What videos are especially popular during this time?

“In the U.S., it is mostly science videos—on how to grow plants, for example—due to the shift towards distance learning and the need to substitute in-class learning. But we also saw an increasing interest in Social and Emotional Learning (SEL) including subjects such as bullying, anything to do with emotional learning, mindfulness and managing anxiety, stress, and loneliness.”

Did distance learning lead you to develop new tools?

“The main breakthrough for us is that parents suddenly realised what kids were doing at school and they didn’t really like what they saw and wanted to get more involved. So, the main thing we did differently due to Covid-19 is create a new product for kids learning with their families or on their own, but at a home setting. For example, if a child completes a certain unit they get a special badge and go to the next level, like in a video game. The whole experience was gamified and, at the same time, parents could get reports on what their child is doing and where their interests lie, and the videos are also meant for adults to enjoy. Before, they didn’t care about it, because school was somewhere other than home.”

Is this the future of the education system? Could such technologies replace teachers?

“Pedagogically speaking, we could serve as a complete substitute for the education system, but it’s not practical. In New York, for example, they could not shut down schools before they could arrange an alternative to school lunches—it’s a system that has a lot of objectives other than learning. In Israel too, the education system is a babysitter of sorts and that is why schools here were reopened in such a rush.

“Schools will have to change and Covid-19 is just accelerating a process that was happening anyway. In the future, for example, learning will be collaborative, as it is with Jewish religious study, we could give students on our platforms the basic information and they can take it from there.”

Could animated videos also help adults learn?

“When we first started out, our target audience included ages 65 and up. We could have been attractive for pensioners but we decided to focus on children. Now, there are other companies providing adult education content, it’s an interesting market. We already have pilots for adult content but to take this forward we are going to need the right partner.”
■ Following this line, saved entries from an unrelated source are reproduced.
lemma irreducible\<^sub>d_geometric_poly:
  assumes "prime p"
  shows "irreducible\<^sub>d (geometric_poly p :: rat poly)"
  using irreducible\<^sub>d_int_rat[OF irreducible\<^sub>d_geometric_poly_int[OF assms]]
  by (simp add: map_poly_geometric_poly)

lemma irreducible\<^sub>d_dvd_of_common_root:
  fixes P f :: "'a::field_gcd poly" and hom :: "'a \<Rightarrow> 'b::field"
  assumes "field_hom hom" and P: "irreducible\<^sub>d P"
    and "poly (map_poly hom P) z = 0" and "poly (map_poly hom f) z = 0"
  shows "P dvd f"
proof -
  interpret field_hom hom by fact
  interpret map_poly_hom: map_poly_idom_hom hom ..
  \<comment> \<open>By Bezout, gcd f P also vanishes at z, so it is a nonconstant divisor of P.\<close>
  define d where "d = gcd f P"
  have "d = fst (bezout_coefficients f P) * f + snd (bezout_coefficients f P) * P"
    unfolding d_def by (rule bezout_coefficients_fst_snd[symmetric])
  then have dz: "poly (map_poly hom d) z = 0" using assms(3,4) by (simp add: hom_distribs)
  have "P \<noteq> 0" using irreducible\<^sub>dD(1)[OF P] by auto
  then have "d \<noteq> 0" unfolding d_def by simp
  have "degree d > 0"
  proof (rule ccontr)
    assume "\<not> degree d > 0"
    then obtain c where "d = [:c:]" by (auto elim: degree_eq_zeroE)
    then show False using \<open>d \<noteq> 0\<close> dz by simp
  qed
  then obtain c where "c \<noteq> 0" "P = smult c d"
    using irreducible\<^sub>d_dvd_smult[OF _ P, of d] unfolding d_def by auto
  then have "P dvd d" by (simp add: smult_dvd_iff)
  then show "P dvd f" unfolding d_def using dvd_trans gcd_dvd1 by blast
qed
Some of your recent videos deal with subjects that are controversial in the U.S., such as LGBTQ, and racism.

“In the U.S., we are an in-school product so it is hard to convince our customers that we need to cover these subjects but I decided that even if it results in financial damage, kids need to know about these issues. Each school can choose which content to block and we found out that what they blocked most of all was anything to do with sexual education. I thought they would block LGBTQ-related content.

“My guiding principle is that you cannot trick kids because they understand everything. You just need to let them fill in the blanks and give them space to develop their own knowledge. Kids don’t think in terms of absolute good or bad, so, if we’re dealing with a subject like violence, we will try to get them inside the head of a violent person. At the same time, we will present to the kids the disastrous consequences of violence, the point of view of the victims of violence and warn against it. There are a lot of people that are unemployed right now, so, if someone becomes angry, like in a demonstration, because they are unemployed, I want the child to learn to forgive them and not judge them harshly.”

You are almost 70 years old, yet you still create for children.

“I am a child at heart. I have trouble with friends that gave up on life, especially Israelis, by the way. I still have two or three careers ahead of me, as I start a new career every 10 years. That is why, several months ago, I stepped down as CEO of BrainPOP and became its chairman. I now plan to study Hebrew literature and start writing.”